Role-playing game supplement

The World of Darkness: Storytelling System Rulebook is a 2004 role-playing game supplement published by White Wolf Publishing for the World of Darkness.

==Contents==
The World of Darkness: Storytelling System Rulebook is the core rulebook for the World of Darkness and is necessary to run a game of Vampire: The Requiem, Werewolf: The Forsaken, Promethean: The Created, or Mage: The Awakening.

==Publication history==
Shannon Appelcine stated that as the World of Darkness setting was published as a new rule system known as the Storytelling System, that "This new setting and rule system were combined in a single game book, The World of Darkness (2004), developed by Bill Bridges and Ken Cliffe. This showed off another difference in the new game: it was centered on a single rulebook for all the old games — conquering the problems that the Classic World of Darkness had with its 5+ different rule systems. White Wolf showed how the new line would work by simultaneously releasing Vampire: The Requiem (2004), a sourcebook that supplemented The World of Darkness by offering up all the rules needed to play a Vampire in the setting.
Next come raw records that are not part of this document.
(* Let $(P_n)_{n\ge 0}$ be the Catalan-Larcombe-French numbers. Then for every prime $p$ and all positive integers $m$ and $r$, $$P_{mp^r}\equiv P_{mp^{r-1}}\pmod{p^r}.$$
   Context: The Catalan-Larcombe-French numbers are defined by $P_0=1$, $P_1=8$ and, for $n\ge 2$, $n^2P_n-8(3n^2-3n+1)P_{n-1}+128(n-1)^2P_{n-2}=0$. Equivalently, $P_n=2^n\sum_{i=0}^{\lfloor n/2\rfloor}(-4)^i\binom{2(n-i)}{n-i}^2\binom{n-i}{i}$ for $n\ge 0$. The first values are $1,8,80,896,10816,137728$. *)

theory Defs
  imports "HOL-Computational_Algebra.Primes" "HOL-Number_Theory.Cong"
begin

definition clf :: "nat \<Rightarrow> int" where
  "clf n = 2 ^ n * (\<Sum>i\<le>n div 2. (-4) ^ i * int ((2 * (n - i)) choose (n - i)) ^ 2
                                       * int ((n - i) choose i))"

end

theory Submission
  imports Defs "HOL-Computational_Algebra.Polynomial"
begin

text \<open>
  Write Q(n) = P(n) / 2^n. Both Q(n) = sum_i (-4)^i C(2(n-i), n-i)^2 C(n-i, i) and
  R(n) = sum_m C(n, 2m) 4^(n-2m) C(2m, m)^2 satisfy
  n^2 Q(n) - 4(3n^2 - 3n + 1) Q(n-1) + 32(n-1)^2 Q(n-2) = 0, as Zeilberger certificates show, and
  they agree for n = 0, 1; hence Q = R. By the second formula, P(n) is the coefficient of (xy)^n in
  L(x,y)^n, where L(x,y) = 2((x^2+1)(y^2+1) + 4xy). In any commutative ring
  L(x,y)^p = L(x^p, y^p) mod p, and p | A - B implies p(A - B) | A^p - B^p. Iterating,
  L(x,y)^(m p^r) = L(x^p, y^p)^(m p^(r-1)) mod p^r in Z[x,y], and comparing the coefficients of
  (xy)^(m p^r) gives the congruence.
\<close>

section \<open>Congruences in commutative rings\<close>

lemma of_nat_dvd_of_nat: "m dvd n \<Longrightarrow> (of_nat m :: 'a::comm_semiring_1) dvd of_nat n"
  by (elim dvdE) simp

lemma dvd_power_diff_power:
  fixes x y :: "'a::comm_ring_1"
  shows "x - y dvd x ^ n - y ^ n"
  by (simp add: power_diff_sumr2)

lemma prime_dvd_add_power_diff:
  fixes a b :: "'a::comm_ring_1"
  assumes "prime p"
  shows "of_nat p dvd (a + b) ^ p - (a ^ p + b ^ p)"
proof -
  have "0 < p"
    using assms prime_gt_0_nat by blast
  then have "{..p} = insert 0 (insert p {1..<p})"
    by auto
  then have "(a + b) ^ p - (a ^ p + b ^ p) = (\<Sum>k\<in>{1..<p}. of_nat (p choose k) * a ^ k * b ^ (p - k))"
    using \<open>0 < p\<close> by (simp add: binomial_ring)
  also have "of_nat p dvd \<dots>"
    using assms by (intro dvd_sum dvd_mult2 of_nat_dvd_of_nat dvd_choose_prime) auto
  finally show ?thesis .
qed

lemma prime_dvd_add_power_diffI:
  fixes a b A B :: "'a::comm_ring_1"
  assumes "prime p" "of_nat p dvd a ^ p - A" "of_nat p dvd b ^ p - B"
  shows "of_nat p dvd (a + b) ^ p - (A + B)"
proof -
  have "(a + b) ^ p - (A + B) = ((a + b) ^ p - (a ^ p + b ^ p)) + (a ^ p - A) + (b ^ p - B)"
    by (simp add: algebra_simps)
  then show ?thesis
    using assms prime_dvd_add_power_diff by (metis dvd_add)
qed

lemma prime_dvd_of_nat_power_diff:
  assumes "prime p"
  shows "(of_nat p :: 'a::comm_ring_1) dvd of_nat c ^ p - of_nat c"
proof (induction c)
  case 0
  then show ?case
    using assms prime_gt_0_nat by (simp add: power_0_left)
next
  case (Suc c)
  have "of_nat p dvd 1 ^ p - (1 :: 'a)"
    by simp
  then show ?case
    using prime_dvd_add_power_diffI[OF assms Suc] by (simp add: add.commute)
qed

lemma prime_dvd_of_nat_mult_power_diff:
  fixes x :: "'a::comm_ring_1"
  assumes "prime p"
  shows "of_nat p dvd (of_nat c * x) ^ p - of_nat c * x ^ p"
proof -
  have "(of_nat c * x) ^ p - of_nat c * x ^ p = (of_nat c ^ p - of_nat c) * x ^ p"
    by (simp add: power_mult_distrib algebra_simps)
  also have "of_nat p dvd \<dots>"
    using prime_dvd_of_nat_power_diff[OF assms] by (rule dvd_mult2)
  finally show ?thesis .
qed

lemma dvd_power_diff_power_lift:
  fixes a b :: "'a::comm_ring_1"
  assumes "of_nat p dvd a - b"
  shows "of_nat p * (a - b) dvd a ^ p - b ^ p"
proof -
  define s where "s = (\<Sum>i<p. b ^ (p - Suc i) * a ^ i)"
  have "a ^ p - b ^ p = (a - b) * s"
    unfolding s_def by (rule power_diff_sumr2)
  moreover have "of_nat p dvd s"
  proof -
    have "s = of_nat p * b ^ (p - 1) + (\<Sum>i<p. b ^ (p - Suc i) * (a ^ i - b ^ i))"
    proof -
      have "b ^ (p - Suc i) * b ^ i = b ^ (p - 1)" if "i < p" for i
        using that by (simp flip: power_add)
      then show ?thesis
        by (simp add: s_def algebra_simps sum_subtractf)
    qed
    moreover have "of_nat p dvd (\<Sum>i<p. b ^ (p - Suc i) * (a ^ i - b ^ i))"
      using assms dvd_power_diff_power dvd_trans by (intro dvd_sum dvd_mult) blast
    ultimately show ?thesis
      by simp
  qed
  ultimately show ?thesis
    by (simp add: mult.commute mult_dvd_mono)
qed

lemma power_dvd_iterated_power_diff:
  fixes a b :: "'a::comm_ring_1"
  assumes "of_nat p dvd a ^ p - b" "0 < r"
  shows "of_nat p ^ r dvd a ^ p ^ r - b ^ p ^ (r - 1)"
  using \<open>0 < r\<close>
proof (induction r rule: nat_induct_non_zero)
  case 1
  then show ?case
    using assms(1) by simp
next
  case (Suc r)
  have "of_nat p dvd a ^ p ^ r - b ^ p ^ (r - 1)"
    using Suc.IH \<open>0 < r\<close> dvd_power dvd_trans by blast
  then have "of_nat p * (a ^ p ^ r - b ^ p ^ (r - 1)) dvd (a ^ p ^ r) ^ p - (b ^ p ^ (r - 1)) ^ p"
    by (rule dvd_power_diff_power_lift)
  moreover have "(a ^ p ^ r) ^ p = a ^ p ^ Suc r" "(b ^ p ^ (r - 1)) ^ p = b ^ p ^ (Suc r - 1)"
    using \<open>0 < r\<close> by (simp_all flip: power_mult power_Suc2 add: not0_implies_Suc)
  moreover have "of_nat p ^ Suc r dvd of_nat p * (a ^ p ^ r - b ^ p ^ (r - 1))"
    using Suc.IH by (simp add: mult_dvd_mono)
  ultimately show ?case
    using dvd_trans by metis
qed

section \<open>A bivariate generating polynomial\<close>

definition clf_kernel :: "'a::comm_ring_1 \<Rightarrow> 'a \<Rightarrow> 'a" where
  "clf_kernel x y = 2 * ((x\<^sup>2 + 1) * (y\<^sup>2 + 1) + 4 * x * y)"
A new Vampire product line soon followed, edited by former Atlas Games employee Will Hindmarch."

==Reception==

=== Awards ===
The World of Darkness: Storytelling System Rulebook won a 2004 Gamers' Choice Award at the Origins Awards.

The World of Darkness won the 2005 Silver ENnie Awards for Best Writing and Best Game.

=== Reviews ===
- Backstab #51
- Pyramid
- Rebel Times #5.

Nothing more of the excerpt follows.